(* Let $U=(E,\mathcal{D},\rho)$ be a U-matroid with $E\setminus\mathrm{Atom}(\mathcal{D})=\{a_1,\dots,a_m\}$, where $\mathrm{Atom}(\mathcal{D})=\{a\in E:\{a\}\in\mathcal{D}\}$. Then: 1. The iterated generous extension $\hat\rho=\rho_{a_1,\dots,a_m}=(((\rho_{a_1})_{a_2})\dots)_{a_m}$, a matroid rank function on $2^E$, dominates every other matroid extension of $\rho$ to $2^E$ (i.e. $\hat\rho(S)\ge\rho'(S)$ for all $S$ and every matroid rank function $\rho'$ on $2^E$ with $\rho'|_{\mathcal{D}}=\rho$). 2. In particular, $\hat\rho$ is an invariant of $\rho$ that is independent of the order of the $a_i$ and dominates every other matroid extension of $\rho$. 3. For every lattice $\mathcal{D}'$ with $\mathcal{D}\subseteq\mathcal{D}'\subseteq 2^E$, the lattice extension $\hat\rho|_{\mathcal{D}'}$ dominates every other lattice extension of $U$ to $\mathcal{D}'$ (U-matroid rank function on $\mathcal{D}'$ restricting to $\rho$ on $\mathcal{D}$).
   Context: A U-matroid is a triple $(E,\mathcal{D},\rho)$ with $E$ finite, $\mathcal{D}\subseteq2^E$ an accessible distributive lattice of sets (closed under union and intersection, containing $\emptyset,E$, every nonempty member $A$ has some $x\in A$ with $A-x\in\mathcal{D}$), and $\rho:\mathcal{D}\to\mathbb{N}$ with $\rho(\emptyset)=0$, monotone, submodular, with unit increase. For $a\in E\setminus\mathrm{Atom}(\mathcal{D})$, let $\mathcal{D}[a]=\mathcal{D}\cup\{S\cup\{a\}:S\in\mathcal{D}\}$ and $\sup_\mathcal{D}(S)$ the smallest element of $\mathcal{D}$ containing $S$. The generous atom extension $\rho_a:\mathcal{D}[a]\to\mathbb{N}$ is defined by $\rho_a(S)=\rho(S)$ if $S\in\mathcal{D}$; $\rho_a(S)=\rho(S-a)$ if $S\notin\mathcal{D}$ and $\rho(S-a)=\rho(\sup_\mathcal{D}(S))$; and $\rho_a(S)=\rho(S-a)+1$ if $S\notin\mathcal{D}$ and $\rho(S-a)<\rho(\sup_\mathcal{D}(S))$. It is known that $(E,\mathcal{D}[a],\rho_a)$ is again a U-matroid, so the extension can be iterated. *)

theory Defs
  imports Main
begin

definition acc_lattice :: "'a set \<Rightarrow> 'a set set \<Rightarrow> bool" where
  "acc_lattice E D \<longleftrightarrow>
     D \<subseteq> Pow E \<and> {} \<in> D \<and> E \<in> D \<and>
     (\<forall>A\<in>D. \<forall>B\<in>D. A \<union> B \<in> D \<and> A \<inter> B \<in> D) \<and>
     (\<forall>A\<in>D. A \<noteq> {} \<longrightarrow> (\<exists>x\<in>A. A - {x} \<in> D))"
lemma tw_mult_apply:
  assumes "y \<in> W"
  shows "tw_mult W act p r y = (\<Sum>a\<in>W. p a * act a (r (inv a \<circ> y)))"
proof -
  have "(\<Sum>b\<in>W. if a \<circ> b = y then p a * act a (r b) else 0) = p a * act a (r (inv a \<circ> y))"
    if a: "a \<in> W" for a
  proof -
    have "bij a"
      using bij_weyl_group[OF zero_notin_roots a] .
    then have "a \<circ> b = y \<longleftrightarrow> b = inv a \<circ> y" for b
      by (simp add: fun_eq_iff bij_inv_eq_iff)
    moreover have "inv a \<circ> y \<in> W"
      using weyl_group_comp[OF inv_in_weyl_group[OF zero_notin_roots a] assms] .
    ultimately show ?thesis
      using finite_W by (simp add: sum.delta)
  qed
  then show ?thesis
    using assms by (simp add: tw_mult_def)
qed

lemma tw_mult_Yalpha_apply:
  assumes "a \<in> Phi" "y \<in> W"
  shows "tw_mult W act (Yalpha x a) r y
           = rinv (x (- a)) * r y + rinv (x a) * act (reflection a) (r (reflection a \<circ> y))"
proof -
  let ?s = "reflection a"
  have "a \<noteq> 0"
    using assms(1) zero_notin_roots by blast
  then have "Yalpha x a b * act b (r (inv b \<circ> y))
      = (if b = id then rinv (x (- a)) * r y else 0)
        + (if b = ?s then rinv (x a) * act ?s (r (?s \<circ> y)) else 0)" for b
    by (simp add: Yalpha_def distrib_right inv_reflection act_id)
  then show ?thesis
    using reflection_in_weyl_group[OF assms(1)] weyl_group.weyl_id[of Phi] finite_W
    by (simp add: tw_mult_apply[OF assms(2)] sum.distrib sum.delta)
qed

lemma Yword_Cons:
  "Yword Phi Pis act x (i # is) = tw_mult W act (Yalpha x (Pis ! i)) (Yword Phi Pis act x is)"
  by (simp add: Yword_def)

text \<open>Only elements without a shorter word are controlled: for a non-reduced word, lower terms can
  land on word_prod Pis is itself.\<close>
definition Yword_leading_coeff :: "nat list \<Rightarrow> 'q \<Rightarrow> bool" where
  "Yword_leading_coeff is c \<longleftrightarrow>
     (\<forall>y. \<not> word_length_less Pis y (length is) \<longrightarrow>
          Yword Phi Pis act x is y = (if y = word_prod Pis is then c else 0))"
(* Let $p$ be a prime, $q=p^n$ with $p,n$ fixed, $r$ a natural number, and $d$ a natural number with $(d,p)=1$ and $d\ge q^r$. Let $f$ be chosen uniformly at random from $\mathcal{G}_d$ and let $N(f)=(\#C_f(\mathbb{F}_{q^r})-1)/p$. For each $e\mid r$ let $X_{e,1},\dots,X_{e,\pi(e)}$ be Bernoulli random variables with parameter $1/p$ (value $1$ with probability $1/p$, $0$ otherwise), all $\{X_{e,i}\}_{e\mid r,1\le i\le\pi(e)}$ independent. Then: (i) If $(r,p)=1$, $N(f)$ has the same distribution as $\sum_{e\mid r}e\sum_{i=1}^{\pi(e)}X_{e,i}$; in particular the mean of $N(f)$ is $q^r/p$. (ii) If $p\mid r$, then $N(f)-q^{r/p}$ has the same distribution as $\sum_{e\mid r,\ (r/e,p)=1}e\sum_{i=1}^{\pi(e)}X_{e,i}$; in particular the mean of $N(f)$ is $\frac{q^r}{p}+\left(1-\frac1p\right)q^{r/p}$.
   Context: $\mathcal{G}_d$ is the set of monic polynomials of degree $d$ in $\mathbb{F}_q[x]$. For $f\in\mathbb{F}_q[x]$ of degree prime to $p$, $C_f$ is the normalisation of the projective closure of the affine curve $y^p-y=f(x)$ over $\mathbb{F}_q$; its number of $\mathbb{F}_{q^r}$-rational points is congruent to $1$ modulo $p$. $\pi(e)$ denotes the number of monic irreducible polynomials of degree $e$ in $\mathbb{F}_q[x]$. *)

theory Defs
  imports "HOL-Probability.Probability" "HOL-Computational_Algebra.Polynomial"
begin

● **EXERCISE AIM**:
Every line above in which the word "noteq" occurs needs to be copied.

● **OUTPUT OF THE EXERCISE**:
     (\<forall>A\<in>D. A \<noteq> {} \<longrightarrow> (\<exists>x\<in>A. A - {x} \<in> D))"
  have "a \<noteq> 0"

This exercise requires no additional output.